The deadline, as provided through Statutory Instrument 41 of 2019, establishes a framework for public entities to migrate to IPSAS and produce compliant financial statements.
The standards were developed by the International Public Sector Accounting Standards Board (IPSASB), which also issues sustainability reporting standards and provides guidance for non-mandatory reporting to enhance transparency and support sustainable development.
In an interview on the sidelines of the 9th edition of the Public Sector Convention in Bulawayo on Thursday, IPSASB board member, Mr Andrew van der Burgh, said Zimbabwe was on track in the implementation of IPSAS.
“Zimbabwe is obviously busy with IPSAS implementation and adoption at the moment, and we celebrate their successes. It’s a really difficult journey, I think Zimbabwe has made some really good strides in that space,” he said.
“We are encouraging them that they are not alone in doing this journey; there are new structures we have put together as the IPSASB around our international application group and also the post-implementation views that we are taking.”
He said both of the mechanics (international application group and also the post-implementation reviews) were good ways for Zimbabwe to ask the board for help to get extra guidance and support from IPSASB in terms of the implementation and use of the standards locally.
Mr Burgh said that although Zimbabwe had set the target to be IPSAS compliant by December 31, 2025, not all entities are going to meet the target. He, however, said there had been some good progress made in terms of tracking towards getting to the target.

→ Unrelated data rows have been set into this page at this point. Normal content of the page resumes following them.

(* Let $N_t, N_m, N_e$ be positive integers with $N_e < N_t$, put $n = N_t - N_e$, $m = \min(n, N_m)$, $k = \max(n, N_m)$. Fix $g>0$, $r_s>0$ and positive coefficients $b_1,\dots,b_m$ with $b_m \le \dots \le b_1$ and $\sum_{l=1}^m b_l = r_s$. For $\eta>0$ define $\xi(x) = \frac{n}{\eta}\big((1+g\eta)^x-1\big)$, $\alpha_l = \Gamma_{inc}(\xi(r_s),k-l+1)$, $\beta_l = \Gamma_{inc}(\xi(b_l),k-l+1)$, and for $x>0$ $$f_l(x) = \Big((1+g\eta)^x - x g\eta(1+g\eta)^{x-1} - 1\Big)\frac{\xi(x)^{k-l}e^{-\xi(x)}/(k-l)!}{\Gamma_{inc}(\xi(x),k-l+1)}.$$ Let $U(\eta) = \prod_{l=1}^m \alpha_l\Big(1 - \prod_{l=1}^m\big[1 - \frac{\beta_l}{\alpha_l}\big]\Big)$ (the upper bound on the zero-forcing secrecy outage probability). Then $$-\eta\frac{d}{d\eta}\ln U(\eta) = \frac{n}{\eta}\sum_{l=1}^m\left[f_l(r_s) + \frac{\beta_l}{\alpha_l}\big(f_l(b_l)-f_l(r_s)\big)\frac{\prod_{j\ne l}\big(1-\frac{\beta_j}{\alpha_j}\big)}{1-\prod_{j=1}^m\big(1-\frac{\beta_j}{\alpha_j}\big)}\right],$$ and this quantity is the secrecy diversity gain estimate $\hat d_s^U(r_s,\eta)$ of the zero-forcing scheme.
   Context: $\Gamma_{inc}(x,a) = \frac{1}{(a-1)!}\int_0^x t^{a-1}e^{-t}\,dt$ for $x\ge 0$ and positive integer $a$. The secrecy diversity gain associated with an error probability $P(\eta)$ at SNR $\eta$ is defined as $-\eta\,\partial \ln P/\partial\eta$, with the secrecy rate $R_s = r_s\ln(1+g\eta)$ (fixed $r_s$). Products $\prod_{j\neq l}$ range over $j\in\{1,\dots,m\}\setminus\{l\}$. *)

theory Defs
  imports "HOL-Analysis.Analysis"
begin

text \<open>Normalized lower incomplete Gamma function, for positive integer a.\<close>
definition Gamma_inc :: "real \<Rightarrow> nat \<Rightarrow> real" where
  "Gamma_inc x a = (1 / fact (a - 1)) * integral {0..x} (\<lambda>t. t ^ (a - 1) * exp (- t))"

definition xi :: "nat \<Rightarrow> real \<Rightarrow> real \<Rightarrow> real \<Rightarrow> real" where
  "xi n g \<eta> x = real n / \<eta> * ((1 + g * \<eta>) powr x - 1)"

definition f_l :: "nat \<Rightarrow> nat \<Rightarrow> nat \<Rightarrow> real \<Rightarrow> real \<Rightarrow> real \<Rightarrow> real" where
  "f_l n k l g \<eta> x =
     ((1 + g * \<eta>) powr x - x * g * \<eta> * (1 + g * \<eta>) powr (x - 1) - 1) *
     ((xi n g \<eta> x) ^ (k - l) * exp (- xi n g \<eta> x) / fact (k - l))
     / Gamma_inc (xi n g \<eta> x) (k - l + 1)"

definition alpha_l :: "nat \<Rightarrow> nat \<Rightarrow> nat \<Rightarrow> real \<Rightarrow> real \<Rightarrow> real \<Rightarrow> real" where
  "alpha_l n k l g rs \<eta> = Gamma_inc (xi n g \<eta> rs) (k - l + 1)"

definition beta_l :: "nat \<Rightarrow> nat \<Rightarrow> nat \<Rightarrow> real \<Rightarrow> (nat \<Rightarrow> real) \<Rightarrow> real \<Rightarrow> real" where
  "beta_l n k l g b \<eta> = Gamma_inc (xi n g \<eta> (b l)) (k - l + 1)"

definition U_bound :: "nat \<Rightarrow> nat \<Rightarrow> nat \<Rightarrow> real \<Rightarrow> real \<Rightarrow> (nat \<Rightarrow> real) \<Rightarrow> real \<Rightarrow> real" where
  "U_bound n m k g rs b \<eta> =
     (\<Prod>l\<in>{1..m}. alpha_l n k l g rs \<eta>) *
     (1 - (\<Prod>l\<in>{1..m}. 1 - beta_l n k l g b \<eta> / alpha_l n k l g rs \<eta>))"

end

theory Submission
  imports Defs
begin

text \<open>By the fundamental theorem of calculus and the chain rule, each factor
  \<open>\<Gamma>\<^sub>inc(\<xi>(x), k-l+1)\<close> has logarithmic derivative \<open>-(n/\<eta>\<^sup>2) f\<^sub>l(x)\<close> in \<open>\<eta>\<close>.
  The formula then follows from logarithmic differentiation of
  \<open>U = (\<Prod> A\<^sub>l)(1 - \<Prod> (1 - B\<^sub>l/A\<^sub>l))\<close> for arbitrary positive differentiable
  \<open>A\<^sub>l\<close>, using \<open>(1 - B/A)' = -(B/A)(B'/B - A'/A)\<close>. The only quantitative input is
  \<open>U > 0\<close>, i.e. \<open>0 < B\<^sub>l \<le> A\<^sub>l\<close>, which holds because \<open>0 < b\<^sub>l \<le> r\<^sub>s\<close> and
  \<open>\<Gamma>\<^sub>inc\<close> and \<open>\<xi>\<close> are increasing.\<close>

lemma Gamma_inc_has_real_derivative:
  assumes "y > 0"
  shows "((\<lambda>y. Gamma_inc y c) has_real_derivative y ^ (c - 1) * exp (- y) / fact (c - 1)) (at y)"
proof -
  let ?h = "\<lambda>t. t ^ (c - 1) * exp (- t)"
  have "((\<lambda>u. integral {0..u} ?h) has_vector_derivative ?h y) (at y within {0..2*y})"
    by (rule integral_has_vector_derivative) (use assms in \<open>auto intro!: continuous_intros\<close>)
  moreover have "at y within {0..2*y} = at y"
    using assms by (intro at_within_interior) (simp add: interior_atLeastAtMost_real)
  ultimately have "((\<lambda>u. integral {0..u} ?h) has_real_derivative ?h y) (at y)"
    by (simp add: has_real_derivative_iff_has_vector_derivative)
  from DERIV_cmult[OF this, of "1 / fact (c - 1)"] show ?thesis
    unfolding Gamma_inc_def by simp
qed

lemma continuous_on_Gamma_inc: "continuous_on {0..Y} (\<lambda>y. Gamma_inc y c)"
proof -
  have "(\<lambda>t. t ^ (c - 1) * exp (- t)) integrable_on {0..Y}"
    by (rule integrable_continuous_real) (intro continuous_intros)
  then have "continuous_on {0..Y} (\<lambda>u. integral {0..u} (\<lambda>t. t ^ (c - 1) * exp (- t)))"
    by (rule indefinite_integral_continuous_1)
  then show ?thesis unfolding Gamma_inc_def by (rule continuous_on_mult_left)
qed

lemma Gamma_inc_strict_mono:
  assumes "0 \<le> x" "x < y"
  shows "Gamma_inc x c < Gamma_inc y c"
proof (rule DERIV_pos_imp_increasing_open[OF assms(2)])
  fix z assume "x < z" "z < y"
  with assms have "z > 0" by linarith
  then show "\<exists>d. ((\<lambda>y. Gamma_inc y c) has_real_derivative d) (at z) \<and> d > 0"
    using Gamma_inc_has_real_derivative by force
next
  have "{x..y} \<subseteq> {0..y}" using assms by auto
  then show "continuous_on {x..y} (\<lambda>y. Gamma_inc y c)"
    using continuous_on_subset[OF continuous_on_Gamma_inc] by blast
qed

lemma Gamma_inc_pos: "y > 0 \<Longrightarrow> Gamma_inc y c > 0"
  using Gamma_inc_strict_mono[of 0 y c] by (simp add: Gamma_inc_def)

lemma Gamma_inc_mono: "0 \<le> x \<Longrightarrow> x \<le> y \<Longrightarrow> Gamma_inc x c \<le> Gamma_inc y c"
  using Gamma_inc_strict_mono[of x y c] by (cases "x = y") auto

lemma xi_has_real_derivative:
  assumes "\<eta> > 0" "g > 0"
  shows "((\<lambda>e. xi n g e x) has_real_derivative
     (- (real n / \<eta>^2) * ((1 + g*\<eta>) powr x - x * g * \<eta> * (1 + g*\<eta>) powr (x - 1) - 1))) (at \<eta>)"
proof -
  have pos: "1 + g*\<eta> > 0" using assms by (simp add: add_pos_pos)
  have "((\<lambda>e. real n / e * ((1 + g * e) powr x - 1)) has_real_derivative
      (- (real n / \<eta>^2)) * ((1 + g * \<eta>) powr x - 1) + real n / \<eta> * (x * (1 + g*\<eta>) powr (x - 1) * g)) (at \<eta>)"
    using assms pos
    by (auto intro!: derivative_eq_intros simp: power2_eq_square field_simps)
  then show ?thesis unfolding xi_def
    by (rule DERIV_cong) (use assms in \<open>simp add: power2_eq_square field_simps\<close>)
qed

lemma xi_pos: "\<eta> > 0 \<Longrightarrow> g > 0 \<Longrightarrow> x > 0 \<Longrightarrow> n > 0 \<Longrightarrow> xi n g \<eta> x > 0"
  unfolding xi_def by (intro mult_pos_pos divide_pos_pos) (auto simp: add_pos_pos)

lemma xi_mono: "\<eta> > 0 \<Longrightarrow> g > 0 \<Longrightarrow> x \<le> y \<Longrightarrow> xi n g \<eta> x \<le> xi n g \<eta> y"
  unfolding xi_def by (intro mult_left_mono diff_right_mono powr_mono) auto

lemma prod_less_1_if_factor_less_1:
  fixes p :: "'i \<Rightarrow> 'a :: linordered_semidom"
  assumes "finite I" "i \<in> I" "p i < 1" "\<And>l. l \<in> I \<Longrightarrow> 0 \<le> p l \<and> p l \<le> 1"
  shows "(\<Prod>l\<in>I. p l) < 1"
proof -
  have "(\<Prod>l\<in>I. p l) = p i * (\<Prod>l\<in>I-{i}. p l)"
    using prod.remove[OF assms(1,2)] .
  also have "\<dots> \<le> p i"
    using assms(4) by (intro mult_left_le prod_le_1) (auto simp: assms(2))
  finally show ?thesis using assms(3) by simp
qed

lemma has_real_derivative_ln_prod_mult_one_minus_prod:
  fixes A B :: "'i \<Rightarrow> real \<Rightarrow> real" and a b :: "'i \<Rightarrow> real"
  assumes "finite I"
    and A_deriv: "\<And>l. l \<in> I \<Longrightarrow> (A l has_real_derivative A l x * (c * a l)) (at x)"
    and B_deriv: "\<And>l. l \<in> I \<Longrightarrow> (B l has_real_derivative B l x * (c * b l)) (at x)"
    and A_pos: "\<And>l. l \<in> I \<Longrightarrow> A l x > 0"
    and P_less_1: "(\<Prod>l\<in>I. 1 - B l x / A l x) < 1"
  shows "((\<lambda>y. ln ((\<Prod>l\<in>I. A l y) * (1 - (\<Prod>l\<in>I. 1 - B l y / A l y)))) has_real_derivative
           c * (\<Sum>l\<in>I. a l + B l x / A l x * (b l - a l) * (\<Prod>j\<in>I-{l}. 1 - B j x / A j x)
                          / (1 - (\<Prod>j\<in>I. 1 - B j x / A j x)))) (at x)"
proof -
  define PA where "PA = (\<Prod>l\<in>I. A l x)"
  define P where "P = (\<Prod>l\<in>I. 1 - B l x / A l x)"
  define S where "S = (\<Sum>l\<in>I. B l x / A l x * (b l - a l) * (\<Prod>j\<in>I-{l}. 1 - B j x / A j x))"
  have PA_pos: "PA > 0" unfolding PA_def using A_pos by (simp add: prod_pos)
  have "((\<lambda>y. \<Prod>l\<in>I. A l y) has_real_derivative PA * (\<Sum>l\<in>I. A l x * (c * a l) / A l x)) (at x)"
    unfolding PA_def using A_pos A_deriv
    by (intro has_field_derivative_prod') (auto simp: less_imp_neq[symmetric])
  moreover have "(\<Sum>l\<in>I. A l x * (c * a l) / A l x) = c * (\<Sum>l\<in>I. a l)"
    using A_pos by (auto simp: sum_distrib_left less_imp_neq[symmetric] intro: sum.cong)
  ultimately have dPA: "((\<lambda>y. \<Prod>l\<in>I. A l y) has_real_derivative PA * (c * (\<Sum>l\<in>I. a l))) (at x)"
    by simp
  have dp: "((\<lambda>y. 1 - B l y / A l y) has_real_derivative - (c * (B l x / A l x * (b l - a l)))) (at x)"
    if "l \<in> I" for l
    using A_deriv[OF that] B_deriv[OF that] A_pos[OF that]
    by (auto intro!: derivative_eq_intros simp: power2_eq_square field_simps)
  have dP: "((\<lambda>y. \<Prod>l\<in>I. 1 - B l y / A l y) has_real_derivative - (c * S)) (at x)"
    using has_field_derivative_prod[of I, OF dp]
    unfolding S_def by (simp add: sum_negf sum_distrib_left mult.assoc)
  have U_pos: "PA * (1 - P) > 0" using PA_pos P_less_1 unfolding P_def by simp
  have "((\<lambda>y. (\<Prod>l\<in>I. A l y) * (1 - (\<Prod>l\<in>I. 1 - B l y / A l y))) has_real_derivative
      PA * (c * (\<Sum>l\<in>I. a l)) * (1 - P) + PA * (c * S)) (at x)"
    using DERIV_mult[OF dPA DERIV_diff[OF DERIV_const[of 1] dP]] unfolding PA_def P_def
    by (simp add: mult.commute)
  from DERIV_chain2[OF DERIV_ln_divide[OF U_pos[unfolded PA_def P_def]] this]
  have "((\<lambda>y. ln ((\<Prod>l\<in>I. A l y) * (1 - (\<Prod>l\<in>I. 1 - B l y / A l y)))) has_real_derivative
      (PA * (c * (\<Sum>l\<in>I. a l)) * (1 - P) + PA * (c * S)) / (PA * (1 - P))) (at x)"
    unfolding PA_def P_def by simp
  moreover have "(PA * (c * (\<Sum>l\<in>I. a l)) * (1 - P) + PA * (c * S)) / (PA * (1 - P))
      = c * ((\<Sum>l\<in>I. a l) + S / (1 - P))"
    using PA_pos P_less_1 unfolding P_def by (simp add: field_simps)
  ultimately show ?thesis
    unfolding P_def S_def by (simp add: sum.distrib sum_divide_distrib)
qed

lemma Gamma_inc_xi_ratio_bounds:
  assumes "\<eta> > 0" "g > 0" "n > 0" "0 < x" "x \<le> y"
  shows "0 \<le> 1 - Gamma_inc (xi n g \<eta> x) c / Gamma_inc (xi n g \<eta> y) c"
    and "1 - Gamma_inc (xi n g \<eta> x) c / Gamma_inc (xi n g \<eta> y) c < 1"
proof -
  have "0 < Gamma_inc (xi n g \<eta> x) c" "0 < Gamma_inc (xi n g \<eta> y) c"
    using assms by (auto intro!: Gamma_inc_pos xi_pos)
  moreover have "Gamma_inc (xi n g \<eta> x) c \<le> Gamma_inc (xi n g \<eta> y) c"
    using assms by (intro Gamma_inc_mono xi_mono less_imp_le[OF xi_pos])
  ultimately show "0 \<le> 1 - Gamma_inc (xi n g \<eta> x) c / Gamma_inc (xi n g \<eta> y) c"
    and "1 - Gamma_inc (xi n g \<eta> x) c / Gamma_inc (xi n g \<eta> y) c < 1"
    by simp_all
qed

lemma Gamma_inc_xi_has_real_derivative:
  assumes "\<eta> > 0" "g > 0" "x > 0" "n > 0"
  shows "((\<lambda>e. Gamma_inc (xi n g e x) (k - l + 1)) has_real_derivative
           Gamma_inc (xi n g \<eta> x) (k - l + 1) * (- (real n / \<eta>^2) * f_l n k l g \<eta> x)) (at \<eta>)"
proof -
  let ?y = "xi n g \<eta> x"
  have y_pos: "?y > 0" using xi_pos assms by blast
  have G_pos: "Gamma_inc ?y (k - l + 1) > 0" using Gamma_inc_pos[OF y_pos] .
  from DERIV_chain2[OF Gamma_inc_has_real_derivative[OF y_pos] xi_has_real_derivative[OF assms(1,2)]]
  show ?thesis
    by (rule DERIV_cong) (use G_pos in \<open>simp add: f_l_def mult_ac\<close>)
qed

theorem corollary1:
  fixes Nt Nm Ne :: nat and g rs \<eta> :: real and b :: "nat \<Rightarrow> real"
  assumes "Nt > 0" "Nm > 0" "Ne > 0" "Ne < Nt"
    and "g > 0" "rs > 0" "\<eta> > 0"
    and "\<forall>l\<in>{1..min (Nt - Ne) Nm}. b l > 0"
    and "\<forall>i j. 1 \<le> i \<and> i \<le> j \<and> j \<le> min (Nt - Ne) Nm \<longrightarrow> b j \<le> b i"
    and "(\<Sum>l\<in>{1..min (Nt - Ne) Nm}. b l) = rs"
  shows "let n = Nt - Ne; m = min n Nm; k = max n Nm;
             A = (\<lambda>l. alpha_l n k l g rs \<eta>); B = (\<lambda>l. beta_l n k l g b \<eta>);
             F = (\<lambda>l x. f_l n k l g \<eta> x)
         in \<exists>D. ((\<lambda>e. ln (U_bound n m k g rs b e)) has_real_derivative D) (at \<eta>) \<and>
               - \<eta> * D = real n / \<eta> *
                 (\<Sum>l\<in>{1..m}. F l rs + B l / A l * (F l (b l) - F l rs) *
                    (\<Prod>j\<in>{1..m} - {l}. 1 - B j / A j) /
                    (1 - (\<Prod>j\<in>{1..m}. 1 - B j / A j)))"
proof -
  define n where "n = Nt - Ne"
  define m where "m = min n Nm"
  define k where "k = max n Nm"
  define A where "A = (\<lambda>l e. Gamma_inc (xi n g e rs) (k - l + 1))"
  define B where "B = (\<lambda>l e. Gamma_inc (xi n g e (b l)) (k - l + 1))"
  define F where "F = (\<lambda>l x. f_l n k l g \<eta> x)"
  define c where "c = - (real n / \<eta>^2)"
  have n_pos: "n > 0" using assms(4) unfolding n_def by simp
  have b_pos: "\<And>l. l \<in> {1..m} \<Longrightarrow> b l > 0" using assms(8) unfolding m_def n_def by blast
  have b_le_rs: "b l \<le> rs" if "l \<in> {1..m}" for l
    using member_le_sum[OF that, of b] b_pos assms(10) unfolding m_def n_def by fastforce
  have p_bounds: "0 \<le> 1 - B l \<eta> / A l \<eta> \<and> 1 - B l \<eta> / A l \<eta> < 1" if "l \<in> {1..m}" for l
    unfolding A_def B_def using assms(5,7) n_pos b_pos[OF that] b_le_rs[OF that]
    by (blast intro: Gamma_inc_xi_ratio_bounds)
  have "1 \<in> {1..m}" using n_pos assms(2) unfolding m_def by simp
  then have P_less_1: "(\<Prod>l\<in>{1..m}. 1 - B l \<eta> / A l \<eta>) < 1"
    using p_bounds by (intro prod_less_1_if_factor_less_1[of _ 1]) (auto intro: less_imp_le)
  have dA: "(A l has_real_derivative A l \<eta> * (c * F l rs)) (at \<eta>)" for l
    unfolding A_def F_def c_def using assms(5-7) n_pos by (intro Gamma_inc_xi_has_real_derivative)
  have dB: "(B l has_real_derivative B l \<eta> * (c * F l (b l))) (at \<eta>)" if "l \<in> {1..m}" for l
    unfolding B_def F_def c_def using assms(5,7) b_pos[OF that] n_pos
    by (intro Gamma_inc_xi_has_real_derivative)
  have A_pos: "A l \<eta> > 0" for l
    unfolding A_def using assms n_pos by (intro Gamma_inc_pos xi_pos) auto
  note dlnU = has_real_derivative_ln_prod_mult_one_minus_prod[OF _ dA dB A_pos P_less_1]
  have "- \<eta> * c = real n / \<eta>"
    using assms(7) unfolding c_def by (simp add: power2_eq_square)
  with dlnU show ?thesis
    unfolding Let_def n_def[symmetric] m_def[symmetric] k_def[symmetric]
    unfolding U_bound_def alpha_l_def beta_l_def A_def B_def F_def
    by (intro exI[of _ "c * _"] conjI) (simp_all only: finite_atLeastAtMost mult.assoc[symmetric])
qed

end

Mr Burgh added: “If they are getting there, there are unfortunately some qualified audit opinions in reports that will come out, but that’s completely normal for any IPSAS adoption around the world. To come from a cash-based system to an accrual-based system in three years is a massive task to try and achieve.”
Mr Burgh said Zimbabwe public entities should be proud of the progress towards achieving their IPSAS targets.
He said that for those who will fail to meet the deadline, it was not the end of the road, and they should continue working hard to ensure they become fully IPSAS compliant in the near future.
“Some of the entities are fully IPSAS compliant, which is amazing,” Mr Burgh said.
“For those that are not, it was looking at why they are not and which areas of work they still need to start working on,” he said.
“They should highlight the areas they are not IPSAS compliant and in those, there is still some work to be done, as well as the plans they are putting in place to ensure they do become IPSAS-compliant in the near future.”